Copy out only the span from the line with "using assms by (intro" to the end of the data, both ends kept, word for word.

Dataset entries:
=== Begin Enclosure ===

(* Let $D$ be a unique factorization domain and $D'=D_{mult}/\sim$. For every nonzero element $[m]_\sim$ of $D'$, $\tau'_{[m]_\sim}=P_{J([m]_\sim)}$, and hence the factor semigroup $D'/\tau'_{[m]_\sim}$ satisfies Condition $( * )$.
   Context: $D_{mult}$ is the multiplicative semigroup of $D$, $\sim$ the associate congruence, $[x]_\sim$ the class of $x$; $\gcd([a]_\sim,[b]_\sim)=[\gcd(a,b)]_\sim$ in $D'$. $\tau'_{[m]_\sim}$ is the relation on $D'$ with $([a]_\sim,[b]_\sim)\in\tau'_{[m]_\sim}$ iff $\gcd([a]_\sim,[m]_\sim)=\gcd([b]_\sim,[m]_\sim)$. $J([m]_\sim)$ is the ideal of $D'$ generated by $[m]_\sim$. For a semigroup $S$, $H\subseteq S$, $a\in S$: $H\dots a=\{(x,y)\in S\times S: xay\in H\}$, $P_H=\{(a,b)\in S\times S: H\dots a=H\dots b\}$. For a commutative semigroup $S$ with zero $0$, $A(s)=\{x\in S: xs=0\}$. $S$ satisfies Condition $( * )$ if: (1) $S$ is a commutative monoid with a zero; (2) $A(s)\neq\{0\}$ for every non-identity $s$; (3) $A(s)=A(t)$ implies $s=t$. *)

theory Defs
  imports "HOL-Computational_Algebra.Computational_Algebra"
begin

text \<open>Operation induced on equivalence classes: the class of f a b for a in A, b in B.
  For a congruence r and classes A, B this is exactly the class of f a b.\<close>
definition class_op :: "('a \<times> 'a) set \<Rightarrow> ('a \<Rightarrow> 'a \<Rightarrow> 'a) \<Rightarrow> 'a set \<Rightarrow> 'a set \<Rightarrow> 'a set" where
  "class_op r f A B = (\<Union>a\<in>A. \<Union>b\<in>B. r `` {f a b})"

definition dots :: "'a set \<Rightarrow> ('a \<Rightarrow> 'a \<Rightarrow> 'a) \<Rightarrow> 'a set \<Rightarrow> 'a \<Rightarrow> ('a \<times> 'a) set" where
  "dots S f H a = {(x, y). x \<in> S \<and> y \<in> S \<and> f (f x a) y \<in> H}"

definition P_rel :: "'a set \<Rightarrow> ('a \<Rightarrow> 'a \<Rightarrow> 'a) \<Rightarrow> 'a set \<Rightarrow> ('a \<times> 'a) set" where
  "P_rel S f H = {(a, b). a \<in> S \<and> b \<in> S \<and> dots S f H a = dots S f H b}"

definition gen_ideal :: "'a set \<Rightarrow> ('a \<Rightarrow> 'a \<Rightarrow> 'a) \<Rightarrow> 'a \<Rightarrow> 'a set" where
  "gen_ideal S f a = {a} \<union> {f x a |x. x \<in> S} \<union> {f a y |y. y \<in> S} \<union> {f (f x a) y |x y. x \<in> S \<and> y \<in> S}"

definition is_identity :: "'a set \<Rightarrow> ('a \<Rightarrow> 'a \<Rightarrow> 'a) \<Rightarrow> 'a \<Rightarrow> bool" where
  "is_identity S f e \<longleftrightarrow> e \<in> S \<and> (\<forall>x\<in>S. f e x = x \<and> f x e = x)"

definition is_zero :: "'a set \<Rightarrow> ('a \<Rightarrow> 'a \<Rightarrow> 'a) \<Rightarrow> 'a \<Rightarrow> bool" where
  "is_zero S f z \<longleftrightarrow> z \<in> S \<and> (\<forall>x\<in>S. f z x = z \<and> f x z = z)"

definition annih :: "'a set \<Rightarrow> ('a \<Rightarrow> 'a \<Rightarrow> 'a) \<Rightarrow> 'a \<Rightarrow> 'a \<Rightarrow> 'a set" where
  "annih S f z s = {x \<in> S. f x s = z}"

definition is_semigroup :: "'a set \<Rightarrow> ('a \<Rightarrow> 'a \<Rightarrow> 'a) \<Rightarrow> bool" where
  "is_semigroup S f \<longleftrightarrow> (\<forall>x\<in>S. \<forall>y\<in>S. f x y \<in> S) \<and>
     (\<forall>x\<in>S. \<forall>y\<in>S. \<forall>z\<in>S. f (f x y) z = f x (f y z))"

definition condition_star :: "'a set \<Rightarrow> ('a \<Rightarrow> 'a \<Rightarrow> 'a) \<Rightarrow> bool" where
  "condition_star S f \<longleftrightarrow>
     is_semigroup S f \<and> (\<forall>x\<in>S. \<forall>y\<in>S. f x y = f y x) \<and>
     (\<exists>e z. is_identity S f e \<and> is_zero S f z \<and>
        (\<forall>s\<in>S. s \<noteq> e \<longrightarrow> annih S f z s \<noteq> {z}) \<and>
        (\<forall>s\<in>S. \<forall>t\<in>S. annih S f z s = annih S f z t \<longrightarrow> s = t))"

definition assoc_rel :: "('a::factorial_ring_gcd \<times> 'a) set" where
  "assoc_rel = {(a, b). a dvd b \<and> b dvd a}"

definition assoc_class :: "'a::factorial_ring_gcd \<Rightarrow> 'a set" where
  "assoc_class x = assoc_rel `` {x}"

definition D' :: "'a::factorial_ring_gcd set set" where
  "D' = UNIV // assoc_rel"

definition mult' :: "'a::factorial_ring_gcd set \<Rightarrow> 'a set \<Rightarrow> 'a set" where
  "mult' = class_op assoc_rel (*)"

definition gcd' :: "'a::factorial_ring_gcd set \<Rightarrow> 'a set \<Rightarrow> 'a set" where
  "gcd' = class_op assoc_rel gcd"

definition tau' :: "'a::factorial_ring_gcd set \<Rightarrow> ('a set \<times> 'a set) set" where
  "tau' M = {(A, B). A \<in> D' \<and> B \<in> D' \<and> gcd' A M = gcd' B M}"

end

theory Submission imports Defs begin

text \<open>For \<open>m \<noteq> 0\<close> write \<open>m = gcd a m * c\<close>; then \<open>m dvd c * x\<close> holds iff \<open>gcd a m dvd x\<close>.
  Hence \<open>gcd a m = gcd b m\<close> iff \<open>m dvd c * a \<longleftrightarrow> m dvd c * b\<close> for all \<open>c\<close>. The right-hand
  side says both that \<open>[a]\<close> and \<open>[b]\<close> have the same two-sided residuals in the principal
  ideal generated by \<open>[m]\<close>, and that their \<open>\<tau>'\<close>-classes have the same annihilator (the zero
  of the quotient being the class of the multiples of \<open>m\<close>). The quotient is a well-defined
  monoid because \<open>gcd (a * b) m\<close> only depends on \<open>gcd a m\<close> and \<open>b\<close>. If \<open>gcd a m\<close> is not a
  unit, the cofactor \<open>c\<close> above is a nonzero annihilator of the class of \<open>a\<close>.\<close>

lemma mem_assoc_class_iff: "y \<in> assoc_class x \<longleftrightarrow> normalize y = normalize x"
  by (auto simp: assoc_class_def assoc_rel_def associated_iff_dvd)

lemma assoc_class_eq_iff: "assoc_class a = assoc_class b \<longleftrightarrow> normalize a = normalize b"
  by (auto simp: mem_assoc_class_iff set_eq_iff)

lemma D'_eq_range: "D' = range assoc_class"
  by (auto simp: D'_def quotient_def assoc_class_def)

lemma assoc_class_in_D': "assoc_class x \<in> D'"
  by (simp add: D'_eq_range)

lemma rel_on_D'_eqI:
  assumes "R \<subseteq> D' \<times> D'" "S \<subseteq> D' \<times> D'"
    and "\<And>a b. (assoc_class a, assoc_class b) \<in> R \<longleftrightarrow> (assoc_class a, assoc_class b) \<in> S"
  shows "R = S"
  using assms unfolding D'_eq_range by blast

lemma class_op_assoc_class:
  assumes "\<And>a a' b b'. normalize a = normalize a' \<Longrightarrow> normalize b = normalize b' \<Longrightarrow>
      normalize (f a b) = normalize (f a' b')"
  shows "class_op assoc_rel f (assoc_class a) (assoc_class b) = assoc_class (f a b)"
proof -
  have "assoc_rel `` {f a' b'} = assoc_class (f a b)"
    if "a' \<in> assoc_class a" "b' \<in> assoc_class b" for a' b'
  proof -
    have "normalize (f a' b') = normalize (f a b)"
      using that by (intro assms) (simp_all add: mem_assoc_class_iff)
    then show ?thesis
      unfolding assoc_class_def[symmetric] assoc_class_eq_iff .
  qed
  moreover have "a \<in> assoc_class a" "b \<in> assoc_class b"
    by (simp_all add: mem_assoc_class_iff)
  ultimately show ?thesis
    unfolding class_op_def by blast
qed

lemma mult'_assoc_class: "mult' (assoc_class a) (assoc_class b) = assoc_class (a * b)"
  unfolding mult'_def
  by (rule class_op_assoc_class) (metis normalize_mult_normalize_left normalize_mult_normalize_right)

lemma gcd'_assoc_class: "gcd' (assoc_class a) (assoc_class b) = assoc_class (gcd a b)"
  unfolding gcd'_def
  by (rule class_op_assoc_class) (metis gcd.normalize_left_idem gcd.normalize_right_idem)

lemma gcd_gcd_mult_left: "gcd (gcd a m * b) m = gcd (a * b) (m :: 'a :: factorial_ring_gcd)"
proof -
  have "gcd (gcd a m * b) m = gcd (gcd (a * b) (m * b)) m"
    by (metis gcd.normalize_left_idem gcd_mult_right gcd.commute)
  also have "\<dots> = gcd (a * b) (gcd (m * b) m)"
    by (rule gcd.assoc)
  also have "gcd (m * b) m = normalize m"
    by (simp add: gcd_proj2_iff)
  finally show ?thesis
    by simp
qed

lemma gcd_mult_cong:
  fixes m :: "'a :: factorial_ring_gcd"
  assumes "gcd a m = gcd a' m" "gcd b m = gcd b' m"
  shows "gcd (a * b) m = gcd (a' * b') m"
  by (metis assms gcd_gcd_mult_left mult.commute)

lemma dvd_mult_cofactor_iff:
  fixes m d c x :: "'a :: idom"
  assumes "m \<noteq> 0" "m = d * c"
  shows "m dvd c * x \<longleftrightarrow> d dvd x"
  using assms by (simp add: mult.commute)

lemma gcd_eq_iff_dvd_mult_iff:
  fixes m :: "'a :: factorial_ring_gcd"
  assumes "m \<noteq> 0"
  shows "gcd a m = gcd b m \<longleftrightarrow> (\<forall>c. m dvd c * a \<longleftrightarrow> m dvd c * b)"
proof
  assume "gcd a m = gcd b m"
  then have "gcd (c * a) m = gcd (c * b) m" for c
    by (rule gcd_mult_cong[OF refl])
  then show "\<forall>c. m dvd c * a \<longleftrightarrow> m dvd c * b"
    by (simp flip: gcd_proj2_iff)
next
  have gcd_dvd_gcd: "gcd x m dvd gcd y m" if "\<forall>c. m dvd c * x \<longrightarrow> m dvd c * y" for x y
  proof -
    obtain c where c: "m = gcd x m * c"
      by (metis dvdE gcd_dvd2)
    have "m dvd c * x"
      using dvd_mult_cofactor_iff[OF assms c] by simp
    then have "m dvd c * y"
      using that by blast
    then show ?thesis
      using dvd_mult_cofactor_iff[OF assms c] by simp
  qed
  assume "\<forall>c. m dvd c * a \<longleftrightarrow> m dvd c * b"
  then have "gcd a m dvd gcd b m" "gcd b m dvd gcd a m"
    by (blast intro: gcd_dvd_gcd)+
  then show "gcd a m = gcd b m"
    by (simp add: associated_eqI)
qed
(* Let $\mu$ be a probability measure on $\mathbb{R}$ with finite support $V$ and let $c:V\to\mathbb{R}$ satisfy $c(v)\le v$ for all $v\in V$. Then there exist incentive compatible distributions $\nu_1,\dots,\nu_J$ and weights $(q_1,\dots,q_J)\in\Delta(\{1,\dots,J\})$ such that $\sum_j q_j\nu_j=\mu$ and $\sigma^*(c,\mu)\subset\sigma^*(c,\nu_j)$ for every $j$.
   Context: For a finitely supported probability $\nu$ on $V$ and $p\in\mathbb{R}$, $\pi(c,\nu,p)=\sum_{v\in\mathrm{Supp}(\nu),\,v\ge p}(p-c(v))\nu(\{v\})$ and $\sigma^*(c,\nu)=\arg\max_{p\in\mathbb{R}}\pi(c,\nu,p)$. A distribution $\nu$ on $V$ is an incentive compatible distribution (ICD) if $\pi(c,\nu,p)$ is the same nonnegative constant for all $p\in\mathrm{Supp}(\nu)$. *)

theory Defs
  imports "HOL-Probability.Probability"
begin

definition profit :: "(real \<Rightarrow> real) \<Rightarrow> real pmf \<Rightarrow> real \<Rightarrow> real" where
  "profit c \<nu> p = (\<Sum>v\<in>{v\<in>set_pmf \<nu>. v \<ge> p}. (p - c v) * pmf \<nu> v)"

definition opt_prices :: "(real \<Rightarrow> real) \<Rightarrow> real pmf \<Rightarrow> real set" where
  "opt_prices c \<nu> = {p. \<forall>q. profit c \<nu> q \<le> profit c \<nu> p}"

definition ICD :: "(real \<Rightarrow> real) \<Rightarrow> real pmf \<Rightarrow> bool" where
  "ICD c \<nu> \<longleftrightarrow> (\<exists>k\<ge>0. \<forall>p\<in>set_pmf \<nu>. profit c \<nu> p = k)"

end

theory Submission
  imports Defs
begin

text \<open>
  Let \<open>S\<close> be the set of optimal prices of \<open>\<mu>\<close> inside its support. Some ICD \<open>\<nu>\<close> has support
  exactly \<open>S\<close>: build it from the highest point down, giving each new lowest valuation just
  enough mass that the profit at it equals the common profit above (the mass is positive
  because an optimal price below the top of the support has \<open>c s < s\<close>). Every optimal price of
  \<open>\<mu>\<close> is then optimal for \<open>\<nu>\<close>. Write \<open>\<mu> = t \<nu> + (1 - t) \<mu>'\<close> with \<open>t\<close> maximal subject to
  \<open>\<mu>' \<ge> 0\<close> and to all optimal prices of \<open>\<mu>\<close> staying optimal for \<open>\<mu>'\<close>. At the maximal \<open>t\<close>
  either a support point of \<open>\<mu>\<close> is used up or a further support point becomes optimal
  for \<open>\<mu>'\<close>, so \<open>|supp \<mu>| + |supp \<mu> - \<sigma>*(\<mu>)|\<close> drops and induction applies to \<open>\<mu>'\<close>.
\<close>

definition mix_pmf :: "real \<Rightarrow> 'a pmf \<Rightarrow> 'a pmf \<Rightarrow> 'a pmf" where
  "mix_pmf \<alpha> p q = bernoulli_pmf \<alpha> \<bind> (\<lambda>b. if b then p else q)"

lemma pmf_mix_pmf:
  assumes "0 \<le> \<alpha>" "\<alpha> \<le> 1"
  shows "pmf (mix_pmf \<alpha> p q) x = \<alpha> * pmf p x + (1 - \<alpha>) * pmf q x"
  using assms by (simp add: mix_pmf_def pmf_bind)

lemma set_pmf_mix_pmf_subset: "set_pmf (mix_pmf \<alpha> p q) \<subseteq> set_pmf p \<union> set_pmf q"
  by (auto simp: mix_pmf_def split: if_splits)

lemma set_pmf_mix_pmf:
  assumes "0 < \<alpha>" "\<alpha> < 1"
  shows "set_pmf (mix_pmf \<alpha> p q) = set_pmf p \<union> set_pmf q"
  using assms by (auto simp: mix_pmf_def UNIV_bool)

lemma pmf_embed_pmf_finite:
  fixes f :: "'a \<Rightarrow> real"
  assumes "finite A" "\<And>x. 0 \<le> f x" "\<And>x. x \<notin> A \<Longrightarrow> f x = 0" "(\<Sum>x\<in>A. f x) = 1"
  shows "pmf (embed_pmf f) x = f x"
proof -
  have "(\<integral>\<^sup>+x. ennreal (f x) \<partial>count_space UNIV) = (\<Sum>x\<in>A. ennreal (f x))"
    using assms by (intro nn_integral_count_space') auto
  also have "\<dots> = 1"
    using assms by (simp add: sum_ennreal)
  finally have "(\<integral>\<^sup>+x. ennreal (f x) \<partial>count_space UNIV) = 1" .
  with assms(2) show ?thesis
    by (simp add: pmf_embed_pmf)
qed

=== End Enclosure ===

## Answer:
    using assms by (intro nn_integral_count_space') auto
  also have "\<dots> = 1"
    using assms by (simp add: sum_ennreal)
  finally have "(\<integral>\<^sup>+x. ennreal (f x) \<partial>count_space UNIV) = 1" .
  with assms(2) show ?thesis
    by (simp add: pmf_embed_pmf)
qed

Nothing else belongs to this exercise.